◆ Exercise goal
Starting at the line with "using sol unfolding p_def by blast" in it, reproduce each line below through the last one, exactly, and include nothing else.

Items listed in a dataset
theorem mainTheorem6:
  fixes n :: nat and m :: "nat \<Rightarrow> real" and \<mu> \<omega> :: real
    and \<alpha> z :: "nat \<Rightarrow> real" and q :: "nat \<Rightarrow> real \<Rightarrow> real^3"
  assumes "odd n" and "n \<ge> 3"
    and "\<mu> > 0" and "\<And>i. i \<in> {1..n} \<Longrightarrow> m i = \<mu>"
    and "\<omega> \<noteq> 0"
    and "\<And>i. i \<in> {1..n} \<Longrightarrow> z i \<in> {-1..1}"
    and "\<And>i t. i \<in> {1..n} \<Longrightarrow>
           q i t = vector [sqrt (1 - (z i)^2) * cos (\<omega> * t + \<alpha> i),
                           sqrt (1 - (z i)^2) * sin (\<omega> * t + \<alpha> i), z i]"
    and "is_sphere_nbody_solution n m q"
    and "\<And>t. regular_gon_on_great_circle n (\<lambda>i. q i t)"
  shows "\<forall>i\<in>{1..n}. z i = 0"
proof -
  obtain v a :: "nat \<Rightarrow> real \<Rightarrow> real^3" where sol: "\<And>t.
        (\<forall>i\<in>{1..n}. \<forall>j\<in>{1..n}. i \<noteq> j \<longrightarrow> (q i t \<bullet> q j t)^2 \<noteq> 1) \<and>
        (\<forall>i\<in>{1..n}.
           (q i has_vector_derivative v i t) (at t) \<and>
           (v i has_vector_derivative a i t) (at t) \<and>
           q i t \<bullet> q i t = 1 \<and> q i t \<bullet> v i t = 0 \<and>
           a i t = sphere_force n m (\<lambda>k. q k t) (\<lambda>k. v k t) i)"
    using assms(8) unfolding is_sphere_nbody_solution_def by blast
  define p where "p = (\<lambda>j. q j 0)"
  have gon: "regular_gon_on_great_circle n p" using assms(9) unfolding p_def .
  have noncollinear: "\<And>i j. i \<in> {1..n} \<Longrightarrow> j \<in> {1..n} \<Longrightarrow> i \<noteq> j \<Longrightarrow> (p i \<bullet> p j)^2 \<noteq> 1"
    using sol unfolding p_def by blast
  have equator_or_pole: "z i = 0 \<or> (z i)^2 = 1" if i: "i \<in> {1..n}" for i
  proof (rule centripetal_rotation_equator_or_pole[OF assms(7)[OF i]])
    show "\<And>s. (q i has_vector_derivative v i s) (at s)"
      and "(v i has_vector_derivative a i 0) (at 0)" using sol i by blast+
    show "a i 0 = - (v i 0 \<bullet> v i 0) *\<^sub>R q i 0"
      using sol i regular_gon_force_centripetal[OF gon _ noncollinear assms(4) i, where v="\<lambda>k. v k 0"]
        assms(2) unfolding p_def by simp
  qed (use i assms(5,6) in auto)
  show ?thesis
  proof (rule ccontr)
    assume "\<not> ?thesis"
    then obtain i where i: "i \<in> {1..n}" and pole: "(z i)^2 = 1" using equator_or_pole by blast
    have pole_inner: "p i \<bullet> p j = z i * z j" if "j \<in> {1..n}" for j
      using pole by (simp add: p_def assms(7)[OF i] assms(7)[OF that] inner_vec_def sum_3)
    obtain j where j: "j \<in> {1..n}" "j \<noteq> i" and "p i \<bullet> p j \<noteq> 0"
      using regular_gon_not_orthogonal_to_all[OF gon assms(2) noncollinear i] by blast
    then have "(z j)^2 = 1" using equator_or_pole pole_inner by auto
    then have "(p i \<bullet> p j)^2 = 1" using pole pole_inner[OF j(1)] by (simp add: power_mult_distrib)
    then show False using noncollinear[OF i j(1)] j(2) by simp
  qed
qed

end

◆ Written response
    using sol unfolding p_def by blast
  have equator_or_pole: "z i = 0 \<or> (z i)^2 = 1" if i: "i \<in> {1..n}" for i
  proof (rule centripetal_rotation_equator_or_pole[OF assms(7)[OF i]])
    show "\<And>s. (q i has_vector_derivative v i s) (at s)"
      and "(v i has_vector_derivative a i 0) (at 0)" using sol i by blast+
    show "a i 0 = - (v i 0 \<bullet> v i 0) *\<^sub>R q i 0"
      using sol i regular_gon_force_centripetal[OF gon _ noncollinear assms(4) i, where v="\<lambda>k. v k 0"]
        assms(2) unfolding p_def by simp
  qed (use i assms(5,6) in auto)
  show ?thesis
  proof (rule ccontr)
    assume "\<not> ?thesis"
    then obtain i where i: "i \<in> {1..n}" and pole: "(z i)^2 = 1" using equator_or_pole by blast
    have pole_inner: "p i \<bullet> p j = z i * z j" if "j \<in> {1..n}" for j
      using pole by (simp add: p_def assms(7)[OF i] assms(7)[OF that] inner_vec_def sum_3)
    obtain j where j: "j \<in> {1..n}" "j \<noteq> i" and "p i \<bullet> p j \<noteq> 0"
      using regular_gon_not_orthogonal_to_all[OF gon assms(2) noncollinear i] by blast
    then have "(z j)^2 = 1" using equator_or_pole pole_inner by auto
    then have "(p i \<bullet> p j)^2 = 1" using pole pole_inner[OF j(1)] by (simp add: power_mult_distrib)
    then show False using noncollinear[OF i j(1)] j(2) by simp
  qed
qed

end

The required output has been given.